Hickman, director of the Center for Dewey Studies at Southern Illinois University Carbondale, detailed the fundamental agreement Dewey and Soka education have on this point. What Soka education founder Tsunesaburo Makiguchi termed “value creation,” Dewey termed “growth,” Hickman shared, adding that “in each case, there is an emphasis on learning, learning to learn, and, most especially, learning to adjust to changing circumstances or context.”

Makiguchi and Dewey share an emphasis on learning, learning to learn, and learning to adjust to changing circumstances or context.A great sign of hope today for education, Hickman went on, is Soka University of America, which, since its founding in 2001 by Mr. Ikeda, has based its curriculum on this spirit of learning and has consistently received high marks from the U.S. News & World Report. “SUA has a deep qualitative commitment, a commitment to nurturing leaders of culture in the community, a commitment to nurturing leaders of humanism in society, a commitment to nurturing leaders of pacifism in the world, and a commitment to nurturing leaders for the creative coexistence of nature and humanity,” Hickman said.

Garrison, who teaches at Virginia Tech, addressed Dewey’s concerns for America’s future as expressed in Individualism, Old and New, where Dewey spoke of “quantification, mechanization and standardization…the marks of the Americanization that is conquering the world.” Garrison added: “Such Americanism has become a new kind of imperialism shared by all the global powers within the new global economy.... It is an anti-humanistic travesty of individualism and the uniqueness of human potential.” But Dewey and Soka education work toward an America in which “our creative acts matter in the course of events.”

Responses followed from Teachers College doctoral candidate Carmen Jones and professor David Hansen.

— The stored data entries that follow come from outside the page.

(* Let $S$ be a $\Gamma$-semiring with zero having a left unity and a right unity, and let $L$ be its left operator semiring. Let $I$ be an ideal (resp. left ideal, right ideal) of $L$ and $\lambda_I$ its characteristic function. Then $(\lambda_I)^{+}=\lambda_{I^{+}}$. Moreover, $I^{+}$ is an ideal (resp. left ideal, right ideal) of $S$.
   Context: A $\Gamma$-semiring: $S$ and $\Gamma$ are additive commutative semigroups with a map $S\times\Gamma\times S\to S$, $(a,\alpha,b)\mapsto a\alpha b$, such that $(a+b)\alpha c=a\alpha c+b\alpha c$, $a\alpha(b+c)=a\alpha b+a\alpha c$, $a(\alpha+\beta)b=a\alpha b+a\beta b$, $a\alpha(b\beta c)=(a\alpha b)\beta c$. With zero: $(S,+)$, $(\Gamma,+)$ are monoids, $0_S\alpha x=0_S=x\alpha0_S$, $x0_\Gamma y=0_S$. Left operator semiring $L$: $F$ is the free additive commutative semigroup on $S\times\Gamma$; $\sum_i(x_i,\alpha_i)\,\rho\,\sum_j(y_j,\beta_j)$ iff $\sum_ix_i\alpha_ia=\sum_jy_j\beta_ja$ for all $a\in S$; $L=F/\rho$, classes $\sum_i[x_i,\alpha_i]$, multiplication $(\sum_i[x_i,\alpha_i])(\sum_j[y_j,\beta_j])=\sum_{i,j}[x_i\alpha_iy_j,\beta_j]$. A left unity of $S$ is $\sum_i[e_i,\delta_i]\in L$ with $\sum_ie_i\delta_ia=a$ for all $a$; a right unity is a finite family $\gamma_j\in\Gamma,f_j\in S$ with $\sum_ja\gamma_jf_j=a$ for all $a$. A left ideal of $S$ is a nonempty subset $J$ closed under addition with $x\gamma a\in J$ for all $x\in S,\gamma\in\Gamma,a\in J$; right ideal: $a\gamma x\in J$; ideal: both. Ideals (left, right) of the semiring $L$ are defined in the usual way. For $P\subseteq L$: $P^{+}=\{a\in S:[a,\gamma]\in P\text{ for all }\gamma\in\Gamma\}$. For a fuzzy subset $\mu$ of $L$: $\mu^{+}(x)=\inf_{\gamma\in\Gamma}\mu([x,\gamma])$. $\lambda_X$ denotes the characteristic function of a set $X$. *)

theory Defs
  imports Complex_Main "HOL-Library.Multiset"
begin

definition gamma_semiring_zero ::
  "('s::comm_monoid_add \<Rightarrow> 'g::comm_monoid_add \<Rightarrow> 's \<Rightarrow> 's) \<Rightarrow> bool" where
  "gamma_semiring_zero tm \<longleftrightarrow>
     (\<forall>a b c \<alpha>. tm (a + b) \<alpha> c = tm a \<alpha> c + tm b \<alpha> c) \<and>
     (\<forall>a b c \<alpha>. tm a \<alpha> (b + c) = tm a \<alpha> b + tm a \<alpha> c) \<and>
     (\<forall>a b \<alpha> \<beta>. tm a (\<alpha> + \<beta>) b = tm a \<alpha> b + tm a \<beta> b) \<and>
     (\<forall>a b c \<alpha> \<beta>. tm a \<alpha> (tm b \<beta> c) = tm (tm a \<alpha> b) \<beta> c) \<and>
     (\<forall>x \<alpha>. tm 0 \<alpha> x = 0 \<and> tm x \<alpha> 0 = 0) \<and>
     (\<forall>x y. tm x 0 y = 0)"

(* Elements of the free commutative semigroup F on S x Gamma: nonempty finite multisets *)
definition evalF :: "('s::comm_monoid_add \<Rightarrow> 'g \<Rightarrow> 's \<Rightarrow> 's) \<Rightarrow> ('s \<times> 'g) multiset \<Rightarrow> 's \<Rightarrow> 's" where
  "evalF tm m a = (\<Sum>(x,\<alpha>)\<in>#m. tm x \<alpha> a)"

definition rhoF :: "('s::comm_monoid_add \<Rightarrow> 'g \<Rightarrow> 's \<Rightarrow> 's) \<Rightarrow> ('s \<times> 'g) multiset \<Rightarrow> ('s \<times> 'g) multiset \<Rightarrow> bool" where
  "rhoF tm m n \<longleftrightarrow> (\<forall>a. evalF tm m a = evalF tm n a)"

definition clsF :: "('s::comm_monoid_add \<Rightarrow> 'g \<Rightarrow> 's \<Rightarrow> 's) \<Rightarrow> ('s \<times> 'g) multiset \<Rightarrow> ('s \<times> 'g) multiset set" where
  "clsF tm m = {n. n \<noteq> {#} \<and> rhoF tm m n}"

(* the left operator semiring L = F / rho, as a set of classes *)
definition Lcarrier :: "('s::comm_monoid_add \<Rightarrow> 'g \<Rightarrow> 's \<Rightarrow> 's) \<Rightarrow> ('s \<times> 'g) multiset set set" where
  "Lcarrier tm = {clsF tm m | m. m \<noteq> {#}}"

definition gen :: "('s::comm_monoid_add \<Rightarrow> 'g \<Rightarrow> 's \<Rightarrow> 's) \<Rightarrow> 's \<Rightarrow> 'g \<Rightarrow> ('s \<times> 'g) multiset set" where
  "gen tm x \<gamma> = clsF tm {#(x, \<gamma>)#}"

definition mulF :: "('s::comm_monoid_add \<Rightarrow> 'g \<Rightarrow> 's \<Rightarrow> 's) \<Rightarrow> ('s \<times> 'g) multiset \<Rightarrow> ('s \<times> 'g) multiset \<Rightarrow> ('s \<times> 'g) multiset" where
  "mulF tm m n = (\<Sum>(x,\<alpha>)\<in>#m. \<Sum>(y,\<beta>)\<in>#n. {#(tm x \<alpha> y, \<beta>)#})"

definition Ladd :: "('s::comm_monoid_add \<Rightarrow> 'g \<Rightarrow> 's \<Rightarrow> 's) \<Rightarrow> ('s \<times> 'g) multiset set \<Rightarrow> ('s \<times> 'g) multiset set \<Rightarrow> ('s \<times> 'g) multiset set" where
  "Ladd tm P Q = {k. \<exists>m\<in>P. \<exists>n\<in>Q. k \<in> clsF tm (m + n)}"

definition Lmul :: "('s::comm_monoid_add \<Rightarrow> 'g \<Rightarrow> 's \<Rightarrow> 's) \<Rightarrow> ('s \<times> 'g) multiset set \<Rightarrow> ('s \<times> 'g) multiset set \<Rightarrow> ('s \<times> 'g) multiset set" where
  "Lmul tm P Q = {k. \<exists>m\<in>P. \<exists>n\<in>Q. k \<in> clsF tm (mulF tm m n)}"

definition L_left_ideal where
  "L_left_ideal tm I \<longleftrightarrow> I \<noteq> {} \<and> I \<subseteq> Lcarrier tm \<and>
     (\<forall>P\<in>I. \<forall>Q\<in>I. Ladd tm P Q \<in> I) \<and> (\<forall>R\<in>Lcarrier tm. \<forall>P\<in>I. Lmul tm R P \<in> I)"

definition L_right_ideal where
  "L_right_ideal tm I \<longleftrightarrow> I \<noteq> {} \<and> I \<subseteq> Lcarrier tm \<and>
     (\<forall>P\<in>I. \<forall>Q\<in>I. Ladd tm P Q \<in> I) \<and> (\<forall>R\<in>Lcarrier tm. \<forall>P\<in>I. Lmul tm P R \<in> I)"

definition L_ideal where
  "L_ideal tm I \<longleftrightarrow> L_left_ideal tm I \<and> L_right_ideal tm I"

definition S_left_ideal :: "('s::comm_monoid_add \<Rightarrow> 'g \<Rightarrow> 's \<Rightarrow> 's) \<Rightarrow> 's set \<Rightarrow> bool" where
  "S_left_ideal tm J \<longleftrightarrow> J \<noteq> {} \<and> (\<forall>a\<in>J. \<forall>b\<in>J. a + b \<in> J) \<and>
     (\<forall>x \<gamma>. \<forall>a\<in>J. tm x \<gamma> a \<in> J)"

definition S_right_ideal :: "('s::comm_monoid_add \<Rightarrow> 'g \<Rightarrow> 's \<Rightarrow> 's) \<Rightarrow> 's set \<Rightarrow> bool" where
  "S_right_ideal tm J \<longleftrightarrow> J \<noteq> {} \<and> (\<forall>a\<in>J. \<forall>b\<in>J. a + b \<in> J) \<and>
     (\<forall>x \<gamma>. \<forall>a\<in>J. tm a \<gamma> x \<in> J)"

definition S_ideal where
  "S_ideal tm J \<longleftrightarrow> S_left_ideal tm J \<and> S_right_ideal tm J"

definition has_left_unity :: "('s::comm_monoid_add \<Rightarrow> 'g \<Rightarrow> 's \<Rightarrow> 's) \<Rightarrow> bool" where
  "has_left_unity tm \<longleftrightarrow> (\<exists>m. m \<noteq> {#} \<and> (\<forall>a. evalF tm m a = a))"

definition has_right_unity :: "('s::comm_monoid_add \<Rightarrow> 'g \<Rightarrow> 's \<Rightarrow> 's) \<Rightarrow> bool" where
  "has_right_unity tm \<longleftrightarrow> (\<exists>k :: ('g \<times> 's) multiset. \<forall>a. (\<Sum>(\<gamma>,f)\<in>#k. tm a \<gamma> f) = a)"

definition Lplus :: "('s::comm_monoid_add \<Rightarrow> 'g \<Rightarrow> 's \<Rightarrow> 's) \<Rightarrow> ('s \<times> 'g) multiset set set \<Rightarrow> 's set" where
  "Lplus tm P = {a. \<forall>\<gamma>. gen tm a \<gamma> \<in> P}"

definition fuzzy_plus :: "('s::comm_monoid_add \<Rightarrow> 'g \<Rightarrow> 's \<Rightarrow> 's) \<Rightarrow> (('s \<times> 'g) multiset set \<Rightarrow> real) \<Rightarrow> 's \<Rightarrow> real" where
  "fuzzy_plus tm \<mu> x = (INF \<gamma>. \<mu> (gen tm x \<gamma>))"

definition charfun :: "'a set \<Rightarrow> 'a \<Rightarrow> real" where
  "charfun X x = (if x \<in> X then 1 else 0)"

end

theory Submission
  imports Defs
begin

text \<open>The identity for the fuzzy part holds for every \<open>I\<close>: the infimum of a \<open>0/1\<close>-valued family
is \<open>1\<close> exactly when every member is \<open>1\<close>. For the ideal part, the classes \<open>[a,\<gamma>]\<close> satisfy
\<open>[a,\<gamma>] + [b,\<gamma>] = [a+b,\<gamma>]\<close> and \<open>[x,\<gamma>][a,\<delta>] = [x\<gamma>a,\<delta>]\<close>, so closure of \<open>I\<close> in \<open>L\<close> transfers
to closure of \<open>I\<^sup>+\<close> in \<open>S\<close>; nonemptiness of \<open>I\<^sup>+\<close> comes from \<open>[0,\<gamma>]\<close>, which absorbs every
element of \<open>L\<close> on either side and therefore lies in every one-sided ideal.\<close>

lemma gamma_semiring_zeroD:
  assumes "gamma_semiring_zero tm"
  shows "tm (a + b) \<alpha> c = tm a \<alpha> c + tm b \<alpha> c"
    and "tm a \<alpha> (b + c) = tm a \<alpha> b + tm a \<alpha> c"
    and "tm a \<alpha> (tm b \<beta> c) = tm (tm a \<alpha> b) \<beta> c"
    and "tm 0 \<alpha> x = 0" and "tm x \<alpha> 0 = 0"
  using assms by (simp_all add: gamma_semiring_zero_def)

lemma evalF_empty [simp]: "evalF tm {#} a = 0"
  by (simp add: evalF_def)

lemma evalF_add_mset [simp]: "evalF tm (add_mset (x, \<alpha>) m) a = tm x \<alpha> a + evalF tm m a"
  by (simp add: evalF_def)

lemma evalF_plus: "evalF tm (m + n) a = evalF tm m a + evalF tm n a"
  by (simp add: evalF_def)

lemma evalF_zero:
  assumes "gamma_semiring_zero tm"
  shows "evalF tm m 0 = 0"
  by (induction m) (auto simp: gamma_semiring_zeroD[OF assms])

lemma mulF_plus_left: "mulF tm (m + m') n = mulF tm m n + mulF tm m' n"
  by (simp add: mulF_def)

lemma evalF_mulF_singleton:
  assumes g: "gamma_semiring_zero tm"
  shows "evalF tm (mulF tm {#(x, \<alpha>)#} n) a = tm x \<alpha> (evalF tm n a)"
proof (induction n)
  case empty
  then show ?case by (simp add: mulF_def gamma_semiring_zeroD[OF g])
next
  case (add p n)
  obtain y \<beta> where p: "p = (y, \<beta>)" by force
  have "mulF tm {#(x, \<alpha>)#} (add_mset p n) = add_mset (tm x \<alpha> y, \<beta>) (mulF tm {#(x, \<alpha>)#} n)"
    by (simp add: mulF_def p)
  then show ?case
    using add by (simp add: p gamma_semiring_zeroD[OF g])
qed

lemma evalF_mulF:
  assumes "gamma_semiring_zero tm"
  shows "evalF tm (mulF tm m n) a = evalF tm m (evalF tm n a)"
proof (induction m)
  case empty
  then show ?case by (simp add: mulF_def)
next
  case (add p m)
  obtain x \<alpha> where p: "p = (x, \<alpha>)" by force
  have "mulF tm (add_mset p m) n = mulF tm {#p#} n + mulF tm m n"
    using mulF_plus_left[of tm "{#p#}" m n] by simp
  then show ?case
    using add by (simp add: p evalF_plus evalF_mulF_singleton[OF assms])
qed

lemma mem_clsF: "k \<in> clsF tm m \<longleftrightarrow> k \<noteq> {#} \<and> (\<forall>a. evalF tm k a = evalF tm m a)"
  by (auto simp: clsF_def rhoF_def)

lemma clsF_eqI: "(\<And>a. evalF tm m a = evalF tm n a) \<Longrightarrow> clsF tm m = clsF tm n"
  by (auto simp: mem_clsF)

lemma Ladd_clsF:
  assumes "m \<noteq> {#}" "n \<noteq> {#}"
  shows "Ladd tm (clsF tm m) (clsF tm n) = clsF tm (m + n)"
proof -
  have "m \<in> clsF tm m" "n \<in> clsF tm n"
    using assms by (auto simp: mem_clsF)
  then show ?thesis
    unfolding Ladd_def by (auto simp: mem_clsF evalF_plus)
qed

lemma Lmul_clsF:
  assumes "gamma_semiring_zero tm" "m \<noteq> {#}" "n \<noteq> {#}"
  shows "Lmul tm (clsF tm m) (clsF tm n) = clsF tm (mulF tm m n)"
proof -
  have "m \<in> clsF tm m" "n \<in> clsF tm n"
    using assms by (auto simp: mem_clsF)
  then show ?thesis
    unfolding Lmul_def by (auto simp: mem_clsF evalF_mulF[OF assms(1)])
qed

lemma gen_in_Lcarrier: "gen tm x \<gamma> \<in> Lcarrier tm"
  by (auto simp: gen_def Lcarrier_def)

lemma Ladd_gen:
  assumes "gamma_semiring_zero tm"
  shows "Ladd tm (gen tm a \<gamma>) (gen tm b \<gamma>) = gen tm (a + b) \<gamma>"
  unfolding gen_def
  by (subst Ladd_clsF) (auto intro!: clsF_eqI simp: evalF_plus gamma_semiring_zeroD[OF assms] add.commute)

lemma Lmul_gen:
  assumes "gamma_semiring_zero tm"
  shows "Lmul tm (gen tm a \<gamma>) (gen tm b \<delta>) = gen tm (tm a \<gamma> b) \<delta>"
  unfolding gen_def
  by (subst Lmul_clsF[OF assms]) (auto intro!: clsF_eqI simp: evalF_mulF[OF assms] gamma_semiring_zeroD[OF assms])

lemma Lmul_gen_zero_left:
  assumes g: "gamma_semiring_zero tm" and P: "P \<in> Lcarrier tm"
  shows "Lmul tm (gen tm 0 \<gamma>) P = gen tm 0 \<gamma>"
proof -
  obtain m where m: "m \<noteq> {#}" "P = clsF tm m"
    using P unfolding Lcarrier_def by blast
  have "evalF tm (mulF tm {#(0, \<gamma>)#} m) a = evalF tm {#(0, \<gamma>)#} a" for a
    by (simp add: evalF_mulF_singleton[OF g] gamma_semiring_zeroD(4)[OF g])
  then have "clsF tm (mulF tm {#(0, \<gamma>)#} m) = clsF tm {#(0, \<gamma>)#}"
    by (rule clsF_eqI)
  then show ?thesis
    unfolding m(2) gen_def by (simp add: Lmul_clsF[OF g _ m(1)])
qed

lemma Lmul_gen_zero_right:
  assumes g: "gamma_semiring_zero tm" and P: "P \<in> Lcarrier tm"
  shows "Lmul tm P (gen tm 0 \<gamma>) = gen tm 0 \<gamma>"
proof -
  obtain m where m: "m \<noteq> {#}" "P = clsF tm m"
    using P unfolding Lcarrier_def by blast
  have "evalF tm (mulF tm m {#(0, \<gamma>)#}) a = evalF tm {#(0, \<gamma>)#} a" for a
    by (simp add: evalF_mulF[OF g] evalF_zero[OF g] gamma_semiring_zeroD(4)[OF g])
  then have "clsF tm (mulF tm m {#(0, \<gamma>)#}) = clsF tm {#(0, \<gamma>)#}"
    by (rule clsF_eqI)
  then show ?thesis
    unfolding m(2) gen_def by (simp add: Lmul_clsF[OF g m(1)])
qed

Jones focused on the theme of family and community in Living As Learning, which led her to reflect on many personal experiences, from her father inspiring her love of reading as a child to the September 11 terrorist attacks directly impacting her school community. “It seems impossible to read this book without joining the conversation,” she said.

Jones said she was inspired by Garrison’s statement in the book that, for Dewey and Makiguchi, “students learn and grow by creatively exercising their capacities to overcome obstacles and transform their environments, thereby creating value. In this way, they acquire a wholesome discipline quite different from what is imposed by authoritarian teaching, which assumes that students are passive and require external motivation to act.”

Hansen reflected, “We’re not remembering what we know in the field of education,” praising this book for bringing back a “living dialogue” to the art of education. He was reminded how Dewey once said, in Democracy and Education, “Life is a self-renewing process through action upon the environment.” Living As Learning took Hansen back to what he called some of his favorite “re-” words: renewal, restoration, retrieval, and replenishment. “It’s good to remember what we know, to renew what we know,” he concluded.

Hickman and Garrison also participated in a dialogue session with the gathered students and faculty. Topics covered included how universities can open themselves to local communities, how Dewey might rearticulate his philosophy for today’s climate, and how dialogue between pragmatism and Buddhist humanism can bolster multiculturalism.